I've already shown that $f_n(x) = \frac{nx^4+1}{nx^4+2x+3}e^{-nx^2}$ is pointwise convergent to $0$ on $(1,+ \infty)$. It remains to show that: $\:$ $\underset{x\in (1,+ \infty)}{sup}|f_n(x)-f(x)| \rightarrow 0$ for n $\rightarrow + \infty $ $sup|f_n(x)-f(x)|= sup|\frac{nx^4+1}{nx^4+2x+3}e^{-nx^2}|=sup\frac{x^4+1}{nx^4+2x+3}e^{-nx^2}\\$.
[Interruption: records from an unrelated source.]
(* Let $\mathcal{F}$ be an $N$-dimensional commutative algebra with basis $e_1,\dots,e_N$ and structure constants $a^k_{ij}$, such that $e_1$ is a unity element and $\mathcal{F}$ carries a non-degenerate symmetric inner product $\langle\,,\rangle$ with components $\eta_{ij}$ satisfying the Frobenius condition $\langle a\circ b,c\rangle=\langle a,b\circ c\rangle$. Define $h^{(1)}=\eta_{1p}u^p$ and recursively $h^{(n+1)}=a^i_{jk}u^ju^k\,\partial h^{(n)}/\partial u^i$ for $n\ge1$. Then $\mathcal{F}$ is a Jordan algebra if and only if $h^{(n)}$ is a conserved density for every $n\ge 1$.
   Context: Summation over repeated indices is understood; indices are raised and lowered with $\eta_{ij}$ and its inverse. A conserved density is a function $h(u^1,\dots,u^N)$ satisfying, for all $k,p$, $a^i_{jk}u^j\,\partial^2 h/\partial u^i\partial u^p=a^i_{jp}u^j\,\partial^2 h/\partial u^i\partial u^k$. A commutative algebra is Jordan if $(x\circ y)\circ(x\circ x)=x\circ(y\circ(x\circ x))$ for all $x,y$. *)

theory Defs
  imports "HOL-Analysis.Analysis"
begin

text \<open>Structure constants: a k i j stands for a^k_{ij} (upper index first).
  Coordinates u = (u^1,...,u^N) are vectors real^'n; the basis index set is the finite type 'n.\<close>

definition alg_mult :: "('n::finite \<Rightarrow> 'n \<Rightarrow> 'n \<Rightarrow> real) \<Rightarrow> real^'n \<Rightarrow> real^'n \<Rightarrow> real^'n" where
  "alg_mult a x y = (\<chi> k. \<Sum>i\<in>UNIV. \<Sum>j\<in>UNIV. a k i j * x$i * y$j)"

definition is_jordan :: "('n::finite \<Rightarrow> 'n \<Rightarrow> 'n \<Rightarrow> real) \<Rightarrow> bool" where
  "is_jordan a \<longleftrightarrow> (\<forall>x y. alg_mult a (alg_mult a x y) (alg_mult a x x)
                       = alg_mult a x (alg_mult a y (alg_mult a x x)))"

definition pdiff :: "'n::finite \<Rightarrow> (real^'n \<Rightarrow> real) \<Rightarrow> real^'n \<Rightarrow> real" where
  "pdiff i f u = deriv (\<lambda>t. f (u + t *\<^sub>R axis i 1)) 0"

definition conserved_density :: "('n::finite \<Rightarrow> 'n \<Rightarrow> 'n \<Rightarrow> real) \<Rightarrow> (real^'n \<Rightarrow> real) \<Rightarrow> bool" where
  "conserved_density a h \<longleftrightarrow> (\<forall>u k p.
     (\<Sum>i\<in>UNIV. \<Sum>j\<in>UNIV. a i j k * u$j * pdiff i (pdiff p h) u)
   = (\<Sum>i\<in>UNIV. \<Sum>j\<in>UNIV. a i j p * u$j * pdiff i (pdiff k h) u))"

text \<open>The densities h^(n), n \<ge> 1 (h^(0) is an unused dummy).\<close>
fun hdens :: "('n::finite \<Rightarrow> 'n \<Rightarrow> 'n \<Rightarrow> real) \<Rightarrow> ('n \<Rightarrow> 'n \<Rightarrow> real) \<Rightarrow> 'n \<Rightarrow> nat \<Rightarrow> real^'n \<Rightarrow> real" where
  "hdens a \<eta> e1 0 = (\<lambda>u. 0)"
| "hdens a \<eta> e1 (Suc 0) = (\<lambda>u. \<Sum>p\<in>UNIV. \<eta> e1 p * u$p)"
| "hdens a \<eta> e1 (Suc (Suc n)) = (\<lambda>u. \<Sum>i\<in>UNIV. \<Sum>j\<in>UNIV. \<Sum>k\<in>UNIV.
        a i j k * u$j * u$k * pdiff i (hdens a \<eta> e1 (Suc n)) u)"

end

theory Submission
  imports Defs
begin

(* Write e for the unit, L_u for multiplication by u, and e_k for axis k 1.  The Frobenius
   condition makes every L_u self-adjoint, and h^(n+1) is the derivative of h^(n) along the
   vector field u o u.

   In a Jordan algebra h^(n+1)(u) = n! <e, u^(n+1)>, whose gradient is (n+1)! u^n.  The
   linearized Jordan identity shows by strong induction that L_u commutes with every L_(u^k),
   hence with the derivative P_n(u, -) of u |-> u^n; P_n(u, -) is moreover self-adjoint.  So the
   Hessian of h^(n+1) evaluated at (u o e_k, e_p) equals (n+1)! <P_n(u, u o e_k), e_p>, which is
   symmetric in k and p: this is exactly the conservation condition.

   Conversely h^(4) = 6 <u o u, u o u> in every commutative Frobenius algebra, and its
   conservation condition says <(u o u) o (u o e_k) - u o ((u o u) o e_k), e_p> = 0 for all p;
   by nondegeneracy of the form this is the Jordan identity applied to the basis vectors. *)

definition inner_form :: "('n::finite \<Rightarrow> 'n \<Rightarrow> real) \<Rightarrow> real^'n \<Rightarrow> real^'n \<Rightarrow> real" where
  "inner_form \<eta> x y = (\<Sum>i\<in>UNIV. \<Sum>j\<in>UNIV. \<eta> i j * x$i * y$j)"

interpretation alg_mult: bounded_bilinear "alg_mult a" for a
proof -
  have "bilinear (alg_mult a)"
    by (auto simp: bilinear_def alg_mult_def vec_eq_iff sum.distrib sum_distrib_left algebra_simps
        intro!: linearI)
  then show "bounded_bilinear (alg_mult a)"
    by (simp add: bilinear_conv_bounded_bilinear)
qed

interpretation inner_form: bounded_bilinear "inner_form \<eta>" for \<eta>
proof -
  have "bilinear (inner_form \<eta>)"
    by (auto simp: bilinear_def inner_form_def sum.distrib sum_distrib_left algebra_simps
        intro!: linearI)
  then show "bounded_bilinear (inner_form \<eta>)"
    by (simp add: bilinear_conv_bounded_bilinear)
qed

lemma sum_swap3:
  "(\<Sum>a\<in>A. \<Sum>b\<in>B. \<Sum>c\<in>C. f a b c) = (\<Sum>b\<in>B. \<Sum>c\<in>C. \<Sum>a\<in>A. f a b c)"
  by (subst sum.swap) (rule sum.cong[OF refl], rule sum.swap)

lemma alg_mult_axis_nth: "alg_mult a x (axis k 1) $ i = (\<Sum>j\<in>UNIV. a i j k * x$j)"
  by (simp add: alg_mult_def axis_def if_distrib cong: if_cong)

lemma inner_form_axis_left: "inner_form \<eta> (axis k 1) y = (\<Sum>j\<in>UNIV. \<eta> k j * y$j)"
proof -
  have "inner_form \<eta> (axis k 1) y = (\<Sum>i\<in>UNIV. axis k 1 $ i * (\<Sum>j\<in>UNIV. \<eta> i j * y$j))"
    by (simp add: inner_form_def sum_distrib_left mult_ac)
  then show ?thesis
    by (simp add: axis_def if_distrib if_distribR cong: if_cong)
qed

lemma inner_form_nondegenerate:
  fixes \<eta> :: "'n::finite \<Rightarrow> 'n \<Rightarrow> real"
  assumes "det (\<chi> i j. \<eta> i j) \<noteq> 0" and "\<And>p. inner_form \<eta> v (axis p 1) = 0"
  shows "v = 0"
proof -
  let ?H = "(\<chi> i j. \<eta> i j) :: real^'n^'n"
  have "(transpose ?H *v v)$p = inner_form \<eta> v (axis p 1)" for p
    by (simp add: inner_form_def matrix_vector_mult_def transpose_def axis_def if_distrib mult.commute
        cong: if_cong)
  then have "transpose ?H *v v = 0"
    using assms(2) by (simp add: vec_eq_iff)
  moreover have "invertible (transpose ?H)"
    using assms(1) by (simp add: invertible_det_nz det_transpose)
  ultimately show "v = 0"
    using matrix_left_invertible_ker invertible_def by blast
qed

lemma sum_axis_linear:
  fixes F :: "real^'n::finite \<Rightarrow> real"
  assumes "linear F"
  shows "(\<Sum>i\<in>UNIV. v$i * F (axis i 1)) = F v"
proof -
  have "F v = F (\<Sum>i\<in>UNIV. v$i *\<^sub>R axis i 1)"
    using basis_expansion[of v] by (simp add: scalar_mult_eq_scaleR)
  also have "\<dots> = (\<Sum>i\<in>UNIV. v$i * F (axis i 1))"
    using assms by (simp add: linear_sum linear_scale)
  finally show ?thesis by simp
qed

lemma pdiff_eq_derivative:
  assumes "(f has_derivative f') (at u)"
  shows "pdiff i f u = f' (axis i 1)"
proof -
  have "((\<lambda>t. u + t *\<^sub>R axis i 1) has_derivative (\<lambda>t. t *\<^sub>R axis i 1)) (at 0)"
    by (auto intro!: derivative_eq_intros)
  from has_derivative_compose[OF this] assms
  have "((\<lambda>t. f (u + t *\<^sub>R axis i 1)) has_derivative (\<lambda>t. f' (t *\<^sub>R axis i 1))) (at 0)"
    by simp
  moreover have "(\<lambda>t. f' (t *\<^sub>R axis i 1)) = (*) (f' (axis i 1))"
    using assms by (simp add: has_derivative_linear linear_scale fun_eq_iff mult.commute)
  ultimately have "((\<lambda>t. f (u + t *\<^sub>R axis i 1)) has_field_derivative f' (axis i 1)) (at 0)"
    by (simp add: has_field_derivative_def)
  then show ?thesis
    unfolding pdiff_def by (rule DERIV_imp_deriv)
qed

lemma sum_pdiff_eq_derivative:
  assumes "(f has_derivative f') (at u)"
  shows "(\<Sum>i\<in>UNIV. v$i * pdiff i f u) = f' v"
  using assms by (simp add: pdiff_eq_derivative sum_axis_linear has_derivative_linear)

lemma hdens_Suc_Suc_eq_derivative:
  assumes "(hdens a \<eta> e1 (Suc n) has_derivative D) (at u)"
  shows "hdens a \<eta> e1 (Suc (Suc n)) u = D (alg_mult a u u)"
proof -
  have "hdens a \<eta> e1 (Suc (Suc n)) u
      = (\<Sum>i\<in>UNIV. (alg_mult a u u)$i * pdiff i (hdens a \<eta> e1 (Suc n)) u)"
    by (simp add: alg_mult_def sum_distrib_right)
  also have "\<dots> = D (alg_mult a u u)"
    by (rule sum_pdiff_eq_derivative[OF assms])
  finally show ?thesis .
qed

lemma conserved_density_iff_derivatives:
  assumes "\<And>p u. (pdiff p h has_derivative H p u) (at u)"
  shows "conserved_density a h \<longleftrightarrow>
    (\<forall>u k p. H p u (alg_mult a u (axis k 1)) = H k u (alg_mult a u (axis p 1)))"
proof -
  have "(\<Sum>i\<in>UNIV. \<Sum>j\<in>UNIV. a i j k * u$j * pdiff i (pdiff p h) u)
      = H p u (alg_mult a u (axis k 1))" for u k p
  proof -
    have "(\<Sum>i\<in>UNIV. \<Sum>j\<in>UNIV. a i j k * u$j * pdiff i (pdiff p h) u)
        = (\<Sum>i\<in>UNIV. (alg_mult a u (axis k 1))$i * pdiff i (pdiff p h) u)"
      by (simp add: alg_mult_axis_nth sum_distrib_right)
    also have "\<dots> = H p u (alg_mult a u (axis k 1))"
      by (rule sum_pdiff_eq_derivative[OF assms])
    finally show ?thesis .
  qed
  then show ?thesis
    unfolding conserved_density_def by simp
qed

locale comm_unital_algebra =
  fixes a :: "'n::finite \<Rightarrow> 'n \<Rightarrow> 'n \<Rightarrow> real" and e1 :: 'n
  assumes comm: "\<forall>k i j. a k i j = a k j i"
    and unity: "\<forall>k j. a k e1 j = (if k = j then 1 else 0)"
begin

abbreviation mult :: "real^'n \<Rightarrow> real^'n \<Rightarrow> real^'n" (infixl "\<odot>" 70)
  where "x \<odot> y \<equiv> alg_mult a x y"

abbreviation one_vec :: "real^'n" ("\<one>")
  where "\<one> \<equiv> axis e1 1"

lemma mult_commute: "x \<odot> y = y \<odot> x"
  unfolding alg_mult_def vec_eq_iff by (simp, subst sum.swap, simp add: comm mult_ac)

lemma mult_one_right [simp]: "y \<odot> \<one> = y"
proof -
  have "(y \<odot> \<one>)$k = (\<Sum>j\<in>UNIV. y$j * a k e1 j)" for k
    by (simp add: alg_mult_axis_nth comm[rule_format, of k _ e1] mult.commute[of "a k e1 _"])
  then show ?thesis
    by (simp add: vec_eq_iff unity if_distrib cong: if_cong)
qed

lemma mult_one_left [simp]: "\<one> \<odot> y = y"
  using mult_commute mult_one_right by metis

primrec pow :: "real^'n \<Rightarrow> nat \<Rightarrow> real^'n" where
  "pow u 0 = \<one>"
| "pow u (Suc k) = u \<odot> pow u k"

primrec pow_deriv :: "nat \<Rightarrow> real^'n \<Rightarrow> real^'n \<Rightarrow> real^'n" where
  "pow_deriv 0 u y = 0"
| "pow_deriv (Suc k) u y = y \<odot> pow u k + u \<odot> pow_deriv k u y"

lemma has_derivative_pow: "((\<lambda>u. pow u k) has_derivative pow_deriv k u) (at u)"
proof (induction k)
  case 0
  then show ?case by simp
next
  case (Suc k)
  show ?case
    unfolding pow.simps
    by (rule has_derivative_eq_rhs[OF alg_mult.FDERIV[OF has_derivative_ident Suc]])
      (simp add: fun_eq_iff add.commute)
qed

lemma pow_deriv_self: "pow_deriv k u u = real k *\<^sub>R pow u k"
  by (induction k) (simp_all add: alg_mult.add_right alg_mult.scaleR_right mult_commute algebra_simps)

lemma is_jordan_iff: "is_jordan a \<longleftrightarrow> (\<forall>u y. (u \<odot> u) \<odot> (u \<odot> y) = u \<odot> ((u \<odot> u) \<odot> y))"
  unfolding is_jordan_def by (metis mult_commute)

end

locale jordan_algebra = comm_unital_algebra +
  assumes jordan: "is_jordan a"
begin

lemma square_mult_commute: "(u \<odot> u) \<odot> (u \<odot> y) = u \<odot> ((u \<odot> u) \<odot> y)"
  using jordan is_jordan_iff by blast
I tried to compute the derivate $f_n'(x)=\frac{4nx^3(nx^4+2x+3)-(nx^4+1)(4nx^3+2)}{(nx^4+2x+3)^2}e^{-nx^2}+\frac{nx^4+1}{nx^4+2x+3}*(-2nxe^{-nx^2})$
but i dont' find the global maximum point of $f_n$.
How can i find this point to check the uniform convergence ?
Thanks for the help in advance!!
Notice that for all $x>1$ $$\sup_{(1,\infty)} \frac{nx^4+1}{nx^4+2x+3}e^{-nx^2}\leq \sup_{(1,\infty)} \frac{nx^4+1}{nx^4}e^{-nx^2}$$ because dividing by a larger number gets a smaller number. So now we want to show $$\lim_{n\rightarrow\infty} \sup_{(1,\infty)} \Big[\Big(1+\frac{1}{nx^4}\Big)e^{-nx^2}\Big]=0.$$ Since $1/(x+\delta) < 1/x$ and $e^{-x}<e^{-(x+\delta)}$ for all $\delta>0$, then the supremum is at $x=1$. Then it is sufficient to show that $$\lim_{n\rightarrow\infty} \Big(1+\frac{1}{n}\Big)e^{-n}=0.$$